▸ **TASK ITEM**
Exactly the lines from the one holding "qed (use part02 in_part in blast)" through the final line of the data are wanted, copied as written.

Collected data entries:
****************

text \<open>A member of the candidate set in block 0 (resp. 1) shows the leader all IDs of blocks
  0, 1, 2 (resp. 0, 1, 3), which cover the closed neighbourhoods of blocks 0 and 2 (resp. 1).\<close>
lemma candidate_set_leader_in_part0:
  assumes x: "x < n" "blk x = 0"
    and D: "D = {u. u < n \<and> shingle_label n (block_graph n blk) ids u = ids x}"
    and leader: "\<And>v. v \<in> D \<Longrightarrow> x \<in> closed_nbhd n (block_graph n blk) v \<and>
      (\<forall>u\<in>closed_nbhd n (block_graph n blk) v. ids x \<le> ids u)"
  shows "D = part 0 \<union> part 2 \<or> D = part 0 \<union> part 1 \<union> part 2 \<or> D \<subseteq> part 1 \<union> part 2"
proof -
  let ?N = "closed_nbhd n (block_graph n blk)"
  have in_part: "v \<in> part 0 \<union> part 1 \<union> part 2" if "v \<in> D" for v
    using leader[OF that] x that D by (auto simp: mem_closed_nbhd_iff part_def block_adj_def)
  have in_D: "v \<in> D" if "v < n" "blk v \<le> 2" "w \<in> D" "?N v \<subseteq> ?N w" for v w
  proof -
    have "x \<in> ?N v" using that(1,2) x by (auto simp: mem_closed_nbhd_iff block_adj_def)
    moreover have "ids x \<le> ids u" if "u \<in> ?N v" for u
      using leader[OF \<open>w \<in> D\<close>] that \<open>?N v \<subseteq> ?N w\<close> by blast
    ultimately show ?thesis using shingle_label_eqI[of x n _ v ids] that(1) D by auto
  qed
  show ?thesis
  proof (cases "D \<inter> part 0 = {}")
    case False
    then obtain v where v: "v \<in> D" "blk v = 0" "v < n" by (auto simp: part_def)
    have part02: "part 0 \<union> part 2 \<subseteq> D"
      using v by (auto intro!: in_D[OF _ _ v(1)] simp: part_def mem_closed_nbhd_iff block_adj_def)
    show ?thesis
    proof (cases "D \<inter> part 1 = {}")
      case False
      then obtain w where w: "w \<in> D" "blk w = 1" "w < n" by (auto simp: part_def)
      have "part 1 \<subseteq> D"
        using w by (auto intro!: in_D[OF _ _ w(1)] simp: part_def mem_closed_nbhd_iff block_adj_def)
      with part02 in_part show ?thesis by blast
    qed (use part02 in_part in blast)
  qed (use in_part in blast)
qed

lemma candidate_set_leader_in_part2:
  assumes "blk x = 2" and D: "D \<subseteq> {0..<n}"
    and leader: "\<And>v. v \<in> D \<Longrightarrow> x \<in> closed_nbhd n (block_graph n blk) v"
  shows "D \<subseteq> insert x (part 0)"
  using assms by (fastforce simp: mem_closed_nbhd_iff part_def block_adj_def)

end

****************

▸ **EXPECTED OUTPUT**
    qed (use part02 in_part in blast)
  qed (use in_part in blast)
qed

lemma candidate_set_leader_in_part2:
  assumes "blk x = 2" and D: "D \<subseteq> {0..<n}"
    and leader: "\<And>v. v \<in> D \<Longrightarrow> x \<in> closed_nbhd n (block_graph n blk) v"
  shows "D \<subseteq> insert x (part 0)"
  using assms by (fastforce simp: mem_closed_nbhd_iff part_def block_adj_def)

end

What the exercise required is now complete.